→ Requirement: Once every line containing "abstract" has been counted, report the total for the data and nothing else.

Data extracts section start

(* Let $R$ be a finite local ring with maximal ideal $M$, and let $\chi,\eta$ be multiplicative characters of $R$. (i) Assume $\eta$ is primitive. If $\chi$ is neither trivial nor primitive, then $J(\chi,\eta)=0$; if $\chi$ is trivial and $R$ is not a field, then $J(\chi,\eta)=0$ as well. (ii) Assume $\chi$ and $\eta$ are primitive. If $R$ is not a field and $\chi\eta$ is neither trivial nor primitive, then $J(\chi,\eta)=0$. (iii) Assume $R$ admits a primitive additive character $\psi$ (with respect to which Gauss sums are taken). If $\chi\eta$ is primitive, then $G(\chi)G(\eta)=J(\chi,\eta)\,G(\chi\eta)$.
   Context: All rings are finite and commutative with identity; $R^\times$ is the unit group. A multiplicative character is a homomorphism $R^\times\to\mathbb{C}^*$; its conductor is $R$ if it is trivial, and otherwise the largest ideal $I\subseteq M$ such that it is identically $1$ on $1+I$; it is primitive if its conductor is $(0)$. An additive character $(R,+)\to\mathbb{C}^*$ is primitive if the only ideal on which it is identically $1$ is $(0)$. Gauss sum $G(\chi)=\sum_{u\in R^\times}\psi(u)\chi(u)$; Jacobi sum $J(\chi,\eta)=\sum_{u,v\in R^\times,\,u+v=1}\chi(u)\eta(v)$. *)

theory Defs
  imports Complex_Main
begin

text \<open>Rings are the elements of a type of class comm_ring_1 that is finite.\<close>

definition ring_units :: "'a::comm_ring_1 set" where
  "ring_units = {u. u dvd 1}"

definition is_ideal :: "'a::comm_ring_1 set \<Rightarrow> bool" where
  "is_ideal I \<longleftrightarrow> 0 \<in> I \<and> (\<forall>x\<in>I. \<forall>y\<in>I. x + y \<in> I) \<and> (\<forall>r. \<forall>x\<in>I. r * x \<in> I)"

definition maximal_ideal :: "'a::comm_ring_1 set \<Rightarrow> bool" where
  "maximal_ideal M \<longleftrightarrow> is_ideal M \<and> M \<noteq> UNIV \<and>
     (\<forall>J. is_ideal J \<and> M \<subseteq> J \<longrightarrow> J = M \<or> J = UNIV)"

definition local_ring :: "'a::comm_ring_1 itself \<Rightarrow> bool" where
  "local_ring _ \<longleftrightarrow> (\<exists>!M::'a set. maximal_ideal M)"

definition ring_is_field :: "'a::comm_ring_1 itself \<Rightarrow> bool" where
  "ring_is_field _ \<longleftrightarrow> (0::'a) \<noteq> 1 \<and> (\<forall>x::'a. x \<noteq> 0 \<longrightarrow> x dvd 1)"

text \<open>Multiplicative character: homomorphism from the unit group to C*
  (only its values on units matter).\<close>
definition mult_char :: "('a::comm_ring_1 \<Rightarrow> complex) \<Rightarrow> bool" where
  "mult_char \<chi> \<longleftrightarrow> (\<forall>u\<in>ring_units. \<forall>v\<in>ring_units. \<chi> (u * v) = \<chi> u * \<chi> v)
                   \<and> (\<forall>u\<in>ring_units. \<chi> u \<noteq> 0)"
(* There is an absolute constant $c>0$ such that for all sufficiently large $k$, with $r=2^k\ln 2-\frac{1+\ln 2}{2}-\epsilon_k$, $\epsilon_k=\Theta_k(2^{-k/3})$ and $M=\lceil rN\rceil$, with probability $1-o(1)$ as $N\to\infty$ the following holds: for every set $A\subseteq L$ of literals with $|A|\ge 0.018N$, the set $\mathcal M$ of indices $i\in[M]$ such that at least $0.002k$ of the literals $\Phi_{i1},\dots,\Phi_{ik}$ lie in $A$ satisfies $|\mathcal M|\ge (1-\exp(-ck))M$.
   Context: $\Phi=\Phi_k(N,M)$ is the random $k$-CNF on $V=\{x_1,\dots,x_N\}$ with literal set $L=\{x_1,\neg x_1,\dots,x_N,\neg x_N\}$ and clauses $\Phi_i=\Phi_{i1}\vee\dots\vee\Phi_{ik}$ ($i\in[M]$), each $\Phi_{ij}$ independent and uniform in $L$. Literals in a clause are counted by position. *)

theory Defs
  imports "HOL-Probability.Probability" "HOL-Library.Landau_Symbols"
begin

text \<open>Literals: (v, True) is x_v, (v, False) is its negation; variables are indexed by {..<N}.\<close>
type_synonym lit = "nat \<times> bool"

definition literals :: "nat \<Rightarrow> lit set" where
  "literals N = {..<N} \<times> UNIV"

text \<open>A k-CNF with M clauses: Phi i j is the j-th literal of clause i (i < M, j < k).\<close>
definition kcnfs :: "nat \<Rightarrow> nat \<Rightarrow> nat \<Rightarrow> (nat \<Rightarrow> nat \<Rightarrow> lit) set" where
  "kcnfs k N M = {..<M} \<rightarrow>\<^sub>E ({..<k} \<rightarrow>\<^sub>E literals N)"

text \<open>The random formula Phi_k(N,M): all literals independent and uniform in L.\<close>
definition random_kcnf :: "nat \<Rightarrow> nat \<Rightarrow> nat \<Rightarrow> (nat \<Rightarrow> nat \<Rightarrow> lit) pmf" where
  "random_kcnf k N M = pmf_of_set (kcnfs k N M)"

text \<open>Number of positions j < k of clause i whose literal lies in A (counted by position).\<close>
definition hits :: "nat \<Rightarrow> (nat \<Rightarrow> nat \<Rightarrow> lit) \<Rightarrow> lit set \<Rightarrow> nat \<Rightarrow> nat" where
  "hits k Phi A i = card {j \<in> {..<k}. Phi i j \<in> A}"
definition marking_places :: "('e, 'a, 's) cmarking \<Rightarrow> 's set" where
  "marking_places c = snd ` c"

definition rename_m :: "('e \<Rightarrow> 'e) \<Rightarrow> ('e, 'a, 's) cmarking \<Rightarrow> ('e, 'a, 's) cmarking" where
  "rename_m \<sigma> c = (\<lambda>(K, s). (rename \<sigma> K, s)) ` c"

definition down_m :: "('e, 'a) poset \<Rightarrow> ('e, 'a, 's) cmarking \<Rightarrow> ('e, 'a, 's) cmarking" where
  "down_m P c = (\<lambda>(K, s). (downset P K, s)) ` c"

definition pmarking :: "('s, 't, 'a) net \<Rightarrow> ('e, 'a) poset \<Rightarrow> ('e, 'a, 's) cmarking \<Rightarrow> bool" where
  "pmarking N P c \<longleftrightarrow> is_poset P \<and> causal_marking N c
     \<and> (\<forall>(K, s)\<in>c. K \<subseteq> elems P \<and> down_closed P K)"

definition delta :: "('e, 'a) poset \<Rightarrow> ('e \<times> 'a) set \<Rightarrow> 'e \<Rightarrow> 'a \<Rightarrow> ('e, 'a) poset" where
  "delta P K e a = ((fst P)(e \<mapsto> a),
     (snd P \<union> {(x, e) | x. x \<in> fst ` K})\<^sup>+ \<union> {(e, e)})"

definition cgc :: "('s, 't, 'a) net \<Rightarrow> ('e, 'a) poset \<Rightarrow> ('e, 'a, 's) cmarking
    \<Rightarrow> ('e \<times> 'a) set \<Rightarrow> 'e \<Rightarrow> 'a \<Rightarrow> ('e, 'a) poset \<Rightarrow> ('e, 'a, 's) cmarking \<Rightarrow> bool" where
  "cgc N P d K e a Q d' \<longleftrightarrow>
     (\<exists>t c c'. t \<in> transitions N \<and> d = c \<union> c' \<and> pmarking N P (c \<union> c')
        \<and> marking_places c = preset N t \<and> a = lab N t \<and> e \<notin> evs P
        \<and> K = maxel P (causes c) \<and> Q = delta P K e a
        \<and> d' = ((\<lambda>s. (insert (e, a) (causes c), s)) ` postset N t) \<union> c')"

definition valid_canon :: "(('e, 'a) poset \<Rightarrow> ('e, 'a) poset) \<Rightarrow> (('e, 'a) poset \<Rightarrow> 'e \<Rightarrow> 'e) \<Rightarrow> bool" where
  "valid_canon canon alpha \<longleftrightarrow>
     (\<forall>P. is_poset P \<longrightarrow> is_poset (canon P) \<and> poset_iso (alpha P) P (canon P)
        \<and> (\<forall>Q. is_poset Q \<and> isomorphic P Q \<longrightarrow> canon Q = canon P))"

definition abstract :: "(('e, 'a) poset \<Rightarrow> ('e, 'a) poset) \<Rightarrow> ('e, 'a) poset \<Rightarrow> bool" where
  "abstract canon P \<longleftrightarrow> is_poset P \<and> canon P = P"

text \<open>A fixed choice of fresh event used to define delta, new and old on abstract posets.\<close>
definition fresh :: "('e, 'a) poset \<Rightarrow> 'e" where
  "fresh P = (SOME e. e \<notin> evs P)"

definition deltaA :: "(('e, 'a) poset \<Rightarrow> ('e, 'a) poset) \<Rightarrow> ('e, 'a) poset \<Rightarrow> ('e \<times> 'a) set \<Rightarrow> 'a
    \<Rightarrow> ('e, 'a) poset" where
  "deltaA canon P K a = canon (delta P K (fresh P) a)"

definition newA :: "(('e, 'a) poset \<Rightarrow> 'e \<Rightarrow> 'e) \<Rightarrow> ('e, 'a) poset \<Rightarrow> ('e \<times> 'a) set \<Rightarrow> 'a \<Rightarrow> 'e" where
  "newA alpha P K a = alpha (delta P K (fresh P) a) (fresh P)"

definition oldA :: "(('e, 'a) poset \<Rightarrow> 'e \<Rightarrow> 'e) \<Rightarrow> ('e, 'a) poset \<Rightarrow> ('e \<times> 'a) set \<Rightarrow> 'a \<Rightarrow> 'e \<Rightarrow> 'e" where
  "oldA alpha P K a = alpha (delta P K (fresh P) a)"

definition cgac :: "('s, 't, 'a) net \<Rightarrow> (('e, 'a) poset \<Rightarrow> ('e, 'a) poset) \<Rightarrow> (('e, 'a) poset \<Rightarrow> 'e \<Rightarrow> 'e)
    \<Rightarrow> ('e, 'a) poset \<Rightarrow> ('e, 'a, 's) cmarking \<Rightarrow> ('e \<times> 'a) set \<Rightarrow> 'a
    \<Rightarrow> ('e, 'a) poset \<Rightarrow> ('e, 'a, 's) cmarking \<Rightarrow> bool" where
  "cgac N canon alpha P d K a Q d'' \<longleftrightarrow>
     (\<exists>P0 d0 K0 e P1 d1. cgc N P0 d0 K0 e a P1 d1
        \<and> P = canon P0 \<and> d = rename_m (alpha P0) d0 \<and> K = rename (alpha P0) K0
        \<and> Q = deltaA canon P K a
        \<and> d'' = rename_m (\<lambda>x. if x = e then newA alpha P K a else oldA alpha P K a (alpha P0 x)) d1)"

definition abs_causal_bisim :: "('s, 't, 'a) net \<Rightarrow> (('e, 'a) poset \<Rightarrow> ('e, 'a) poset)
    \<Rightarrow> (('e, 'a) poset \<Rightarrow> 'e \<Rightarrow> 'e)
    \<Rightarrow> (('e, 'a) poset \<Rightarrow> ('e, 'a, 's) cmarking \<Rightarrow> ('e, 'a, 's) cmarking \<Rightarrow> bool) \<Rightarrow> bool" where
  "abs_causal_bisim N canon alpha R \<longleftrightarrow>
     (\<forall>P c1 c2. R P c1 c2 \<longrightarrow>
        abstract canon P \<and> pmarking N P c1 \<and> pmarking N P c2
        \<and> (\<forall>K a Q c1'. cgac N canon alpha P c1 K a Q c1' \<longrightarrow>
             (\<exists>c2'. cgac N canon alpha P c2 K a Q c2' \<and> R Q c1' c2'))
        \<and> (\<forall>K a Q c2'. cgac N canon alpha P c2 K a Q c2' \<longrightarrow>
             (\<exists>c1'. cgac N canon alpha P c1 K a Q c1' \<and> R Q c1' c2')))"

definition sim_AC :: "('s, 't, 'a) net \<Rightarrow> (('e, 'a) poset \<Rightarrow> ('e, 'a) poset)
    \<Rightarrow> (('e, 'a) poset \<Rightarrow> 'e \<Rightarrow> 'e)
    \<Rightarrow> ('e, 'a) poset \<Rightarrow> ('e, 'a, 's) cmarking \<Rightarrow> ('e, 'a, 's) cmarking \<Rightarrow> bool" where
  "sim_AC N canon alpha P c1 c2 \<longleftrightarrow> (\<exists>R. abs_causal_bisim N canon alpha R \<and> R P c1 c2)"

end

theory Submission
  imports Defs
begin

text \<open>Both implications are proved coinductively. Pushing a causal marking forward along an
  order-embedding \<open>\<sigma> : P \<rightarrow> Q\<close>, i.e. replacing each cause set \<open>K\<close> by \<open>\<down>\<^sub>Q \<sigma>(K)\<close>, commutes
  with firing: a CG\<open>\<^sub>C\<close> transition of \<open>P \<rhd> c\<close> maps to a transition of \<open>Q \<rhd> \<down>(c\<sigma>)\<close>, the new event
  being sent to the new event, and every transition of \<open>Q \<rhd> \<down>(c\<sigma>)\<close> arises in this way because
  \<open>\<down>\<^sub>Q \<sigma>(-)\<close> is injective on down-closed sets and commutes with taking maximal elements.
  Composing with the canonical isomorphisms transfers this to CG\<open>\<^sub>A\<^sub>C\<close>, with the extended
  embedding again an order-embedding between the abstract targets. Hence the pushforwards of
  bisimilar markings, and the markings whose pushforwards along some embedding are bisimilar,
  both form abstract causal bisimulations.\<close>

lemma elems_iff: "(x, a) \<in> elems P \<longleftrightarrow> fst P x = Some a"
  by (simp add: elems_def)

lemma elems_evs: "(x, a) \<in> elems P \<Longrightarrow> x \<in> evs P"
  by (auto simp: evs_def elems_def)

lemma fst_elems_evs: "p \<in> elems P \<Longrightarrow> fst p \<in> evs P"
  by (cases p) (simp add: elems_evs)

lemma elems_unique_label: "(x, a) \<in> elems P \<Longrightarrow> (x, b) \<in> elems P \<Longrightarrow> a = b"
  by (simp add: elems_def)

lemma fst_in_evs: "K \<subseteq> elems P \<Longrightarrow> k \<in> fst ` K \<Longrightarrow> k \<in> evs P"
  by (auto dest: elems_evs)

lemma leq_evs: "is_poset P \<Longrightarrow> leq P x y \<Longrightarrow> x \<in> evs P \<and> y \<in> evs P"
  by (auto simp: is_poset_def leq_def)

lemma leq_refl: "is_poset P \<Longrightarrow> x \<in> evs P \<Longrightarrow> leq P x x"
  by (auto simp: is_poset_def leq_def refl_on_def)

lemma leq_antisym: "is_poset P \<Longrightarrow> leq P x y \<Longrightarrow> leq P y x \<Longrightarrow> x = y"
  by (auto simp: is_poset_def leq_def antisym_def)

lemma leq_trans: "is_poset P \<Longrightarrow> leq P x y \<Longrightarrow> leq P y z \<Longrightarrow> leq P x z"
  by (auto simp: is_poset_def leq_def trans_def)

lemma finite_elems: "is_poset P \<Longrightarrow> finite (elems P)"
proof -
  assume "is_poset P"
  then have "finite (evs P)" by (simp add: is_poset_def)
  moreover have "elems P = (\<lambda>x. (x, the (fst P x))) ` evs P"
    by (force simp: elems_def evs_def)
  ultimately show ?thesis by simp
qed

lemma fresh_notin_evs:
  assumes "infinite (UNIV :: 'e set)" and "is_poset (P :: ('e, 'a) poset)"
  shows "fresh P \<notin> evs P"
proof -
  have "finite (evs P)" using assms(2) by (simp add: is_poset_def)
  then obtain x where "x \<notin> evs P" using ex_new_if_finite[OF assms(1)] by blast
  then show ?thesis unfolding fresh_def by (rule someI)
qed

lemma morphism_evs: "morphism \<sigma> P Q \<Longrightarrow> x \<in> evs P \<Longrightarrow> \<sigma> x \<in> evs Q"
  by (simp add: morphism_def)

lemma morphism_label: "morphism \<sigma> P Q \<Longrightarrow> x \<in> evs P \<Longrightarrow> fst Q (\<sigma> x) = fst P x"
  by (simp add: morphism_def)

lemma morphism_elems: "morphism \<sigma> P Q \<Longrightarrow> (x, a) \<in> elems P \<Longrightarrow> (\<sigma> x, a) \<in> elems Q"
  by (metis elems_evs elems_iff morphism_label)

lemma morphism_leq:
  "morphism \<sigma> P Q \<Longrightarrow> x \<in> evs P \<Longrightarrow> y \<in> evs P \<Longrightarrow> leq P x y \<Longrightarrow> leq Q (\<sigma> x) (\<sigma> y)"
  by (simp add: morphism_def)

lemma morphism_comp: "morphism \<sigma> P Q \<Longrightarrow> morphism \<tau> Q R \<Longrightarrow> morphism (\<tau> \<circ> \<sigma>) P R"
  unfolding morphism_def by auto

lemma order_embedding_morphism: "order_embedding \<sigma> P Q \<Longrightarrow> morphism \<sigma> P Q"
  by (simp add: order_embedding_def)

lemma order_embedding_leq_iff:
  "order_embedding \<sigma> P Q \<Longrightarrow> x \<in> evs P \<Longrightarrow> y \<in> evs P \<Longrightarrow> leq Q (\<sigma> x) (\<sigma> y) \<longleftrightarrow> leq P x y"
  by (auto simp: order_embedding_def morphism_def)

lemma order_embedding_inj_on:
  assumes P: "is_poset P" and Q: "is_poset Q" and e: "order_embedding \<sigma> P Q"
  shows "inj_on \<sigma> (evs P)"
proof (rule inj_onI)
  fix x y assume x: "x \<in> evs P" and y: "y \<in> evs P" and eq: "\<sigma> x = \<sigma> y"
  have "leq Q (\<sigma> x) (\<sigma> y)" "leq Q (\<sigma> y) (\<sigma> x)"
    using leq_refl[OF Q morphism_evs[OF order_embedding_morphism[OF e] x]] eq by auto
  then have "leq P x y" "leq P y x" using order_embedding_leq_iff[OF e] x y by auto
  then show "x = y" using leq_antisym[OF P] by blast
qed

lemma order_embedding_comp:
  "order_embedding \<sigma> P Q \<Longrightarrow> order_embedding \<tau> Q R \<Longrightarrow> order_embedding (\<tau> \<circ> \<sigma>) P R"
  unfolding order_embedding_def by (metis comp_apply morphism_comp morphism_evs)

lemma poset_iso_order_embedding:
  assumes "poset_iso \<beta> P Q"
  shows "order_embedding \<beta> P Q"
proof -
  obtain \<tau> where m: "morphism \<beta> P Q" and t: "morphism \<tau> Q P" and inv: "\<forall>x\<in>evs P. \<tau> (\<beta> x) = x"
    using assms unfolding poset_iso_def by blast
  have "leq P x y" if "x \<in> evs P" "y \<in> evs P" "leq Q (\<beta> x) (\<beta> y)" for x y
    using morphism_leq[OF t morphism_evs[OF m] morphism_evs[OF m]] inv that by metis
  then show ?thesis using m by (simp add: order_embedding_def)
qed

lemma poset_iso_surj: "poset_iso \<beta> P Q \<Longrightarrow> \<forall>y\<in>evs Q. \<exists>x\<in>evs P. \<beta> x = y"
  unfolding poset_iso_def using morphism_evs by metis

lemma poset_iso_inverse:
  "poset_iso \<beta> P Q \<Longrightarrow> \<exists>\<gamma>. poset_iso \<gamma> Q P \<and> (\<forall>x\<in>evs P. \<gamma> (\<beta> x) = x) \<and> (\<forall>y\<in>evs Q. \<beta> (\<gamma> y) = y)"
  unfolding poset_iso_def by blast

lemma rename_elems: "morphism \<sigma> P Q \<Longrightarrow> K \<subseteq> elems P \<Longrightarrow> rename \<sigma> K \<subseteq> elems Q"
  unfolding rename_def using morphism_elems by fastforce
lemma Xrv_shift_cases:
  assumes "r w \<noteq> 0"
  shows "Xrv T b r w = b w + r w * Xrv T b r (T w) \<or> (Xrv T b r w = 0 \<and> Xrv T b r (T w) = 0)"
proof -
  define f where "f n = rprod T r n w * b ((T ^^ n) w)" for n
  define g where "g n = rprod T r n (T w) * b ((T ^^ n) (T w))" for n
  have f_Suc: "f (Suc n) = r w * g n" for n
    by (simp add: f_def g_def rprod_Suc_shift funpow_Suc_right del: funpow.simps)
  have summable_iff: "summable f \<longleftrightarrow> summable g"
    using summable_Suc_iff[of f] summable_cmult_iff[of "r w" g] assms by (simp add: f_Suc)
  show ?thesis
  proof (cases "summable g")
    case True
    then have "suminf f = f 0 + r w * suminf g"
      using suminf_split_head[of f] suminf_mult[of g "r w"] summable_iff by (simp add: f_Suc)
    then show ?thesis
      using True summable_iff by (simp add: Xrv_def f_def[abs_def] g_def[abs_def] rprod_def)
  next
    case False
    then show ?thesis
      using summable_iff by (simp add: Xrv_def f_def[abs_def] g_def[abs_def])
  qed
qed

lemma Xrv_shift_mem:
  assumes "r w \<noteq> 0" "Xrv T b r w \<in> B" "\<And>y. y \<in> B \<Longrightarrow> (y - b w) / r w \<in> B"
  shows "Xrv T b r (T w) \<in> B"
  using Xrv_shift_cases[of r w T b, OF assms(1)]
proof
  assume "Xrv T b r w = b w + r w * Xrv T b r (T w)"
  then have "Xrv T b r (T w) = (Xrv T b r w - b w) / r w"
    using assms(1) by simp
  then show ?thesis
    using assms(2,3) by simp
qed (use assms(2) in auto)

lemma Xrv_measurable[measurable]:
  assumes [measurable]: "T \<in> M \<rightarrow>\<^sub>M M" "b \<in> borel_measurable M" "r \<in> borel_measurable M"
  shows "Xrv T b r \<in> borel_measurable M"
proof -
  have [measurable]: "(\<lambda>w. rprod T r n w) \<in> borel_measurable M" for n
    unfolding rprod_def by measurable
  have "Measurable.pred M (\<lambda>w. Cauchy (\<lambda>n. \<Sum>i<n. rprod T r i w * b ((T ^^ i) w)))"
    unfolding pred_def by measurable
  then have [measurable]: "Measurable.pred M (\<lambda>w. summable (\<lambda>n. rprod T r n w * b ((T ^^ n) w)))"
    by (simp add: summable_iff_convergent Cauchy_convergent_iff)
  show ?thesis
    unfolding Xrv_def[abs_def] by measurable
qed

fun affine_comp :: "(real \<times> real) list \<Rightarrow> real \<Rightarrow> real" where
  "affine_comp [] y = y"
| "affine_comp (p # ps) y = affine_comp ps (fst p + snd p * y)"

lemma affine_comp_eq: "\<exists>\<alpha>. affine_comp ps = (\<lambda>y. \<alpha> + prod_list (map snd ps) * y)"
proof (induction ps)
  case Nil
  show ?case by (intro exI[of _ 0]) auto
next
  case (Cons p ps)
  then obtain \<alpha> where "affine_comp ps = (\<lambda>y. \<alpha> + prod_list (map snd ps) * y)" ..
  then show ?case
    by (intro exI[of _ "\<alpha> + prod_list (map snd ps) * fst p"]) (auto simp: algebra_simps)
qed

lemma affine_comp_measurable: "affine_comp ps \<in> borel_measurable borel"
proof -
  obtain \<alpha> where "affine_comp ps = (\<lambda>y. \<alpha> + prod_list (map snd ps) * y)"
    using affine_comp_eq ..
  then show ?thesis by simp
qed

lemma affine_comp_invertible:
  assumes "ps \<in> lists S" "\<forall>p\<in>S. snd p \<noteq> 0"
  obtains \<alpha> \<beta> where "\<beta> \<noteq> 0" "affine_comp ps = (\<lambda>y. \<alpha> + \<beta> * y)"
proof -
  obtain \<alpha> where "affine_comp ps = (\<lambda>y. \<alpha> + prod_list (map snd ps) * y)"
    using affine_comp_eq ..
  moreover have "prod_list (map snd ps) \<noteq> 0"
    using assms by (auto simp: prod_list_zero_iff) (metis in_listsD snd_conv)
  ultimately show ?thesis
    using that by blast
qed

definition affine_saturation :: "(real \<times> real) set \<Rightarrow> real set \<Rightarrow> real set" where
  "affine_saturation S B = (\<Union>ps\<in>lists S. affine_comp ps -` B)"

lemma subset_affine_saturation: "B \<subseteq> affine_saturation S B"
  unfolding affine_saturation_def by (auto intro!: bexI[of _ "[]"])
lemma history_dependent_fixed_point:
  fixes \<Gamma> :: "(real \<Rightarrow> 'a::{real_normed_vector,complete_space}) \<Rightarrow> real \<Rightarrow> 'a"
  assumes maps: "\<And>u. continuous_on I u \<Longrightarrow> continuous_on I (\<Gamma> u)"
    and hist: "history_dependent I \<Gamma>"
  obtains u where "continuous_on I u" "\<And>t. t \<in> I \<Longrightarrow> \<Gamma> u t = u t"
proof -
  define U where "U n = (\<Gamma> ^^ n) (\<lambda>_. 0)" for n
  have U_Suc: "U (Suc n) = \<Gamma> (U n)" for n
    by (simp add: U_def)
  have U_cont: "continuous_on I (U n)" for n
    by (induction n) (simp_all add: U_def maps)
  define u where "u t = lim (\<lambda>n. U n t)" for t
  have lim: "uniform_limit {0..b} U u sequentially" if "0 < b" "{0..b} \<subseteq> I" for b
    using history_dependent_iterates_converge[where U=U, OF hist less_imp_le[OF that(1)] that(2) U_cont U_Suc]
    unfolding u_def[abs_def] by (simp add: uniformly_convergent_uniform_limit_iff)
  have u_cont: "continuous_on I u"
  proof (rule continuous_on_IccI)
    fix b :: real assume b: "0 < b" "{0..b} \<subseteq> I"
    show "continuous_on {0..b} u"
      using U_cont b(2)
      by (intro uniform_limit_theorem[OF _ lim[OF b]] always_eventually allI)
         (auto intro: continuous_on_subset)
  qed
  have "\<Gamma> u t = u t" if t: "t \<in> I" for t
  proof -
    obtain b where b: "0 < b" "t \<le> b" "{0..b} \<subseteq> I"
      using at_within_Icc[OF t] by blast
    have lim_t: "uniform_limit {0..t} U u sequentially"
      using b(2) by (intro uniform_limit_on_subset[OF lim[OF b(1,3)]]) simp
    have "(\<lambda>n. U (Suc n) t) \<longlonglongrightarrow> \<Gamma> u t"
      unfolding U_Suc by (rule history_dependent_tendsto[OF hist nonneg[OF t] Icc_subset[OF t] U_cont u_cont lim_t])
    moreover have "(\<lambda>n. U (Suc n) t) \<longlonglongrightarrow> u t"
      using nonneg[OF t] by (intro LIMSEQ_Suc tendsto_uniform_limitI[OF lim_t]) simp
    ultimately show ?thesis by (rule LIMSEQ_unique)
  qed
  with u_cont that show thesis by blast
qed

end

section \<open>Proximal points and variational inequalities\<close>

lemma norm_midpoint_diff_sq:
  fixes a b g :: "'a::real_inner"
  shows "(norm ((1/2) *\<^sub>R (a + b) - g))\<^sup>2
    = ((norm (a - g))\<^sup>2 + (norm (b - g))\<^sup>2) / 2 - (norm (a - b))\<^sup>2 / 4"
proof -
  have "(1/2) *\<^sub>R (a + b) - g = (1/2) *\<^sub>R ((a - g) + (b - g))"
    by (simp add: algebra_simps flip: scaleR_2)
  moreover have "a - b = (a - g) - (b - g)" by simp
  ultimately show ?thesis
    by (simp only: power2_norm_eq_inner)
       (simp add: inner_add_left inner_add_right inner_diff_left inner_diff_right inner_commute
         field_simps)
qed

Data extracts section end

→ Response to this task: 6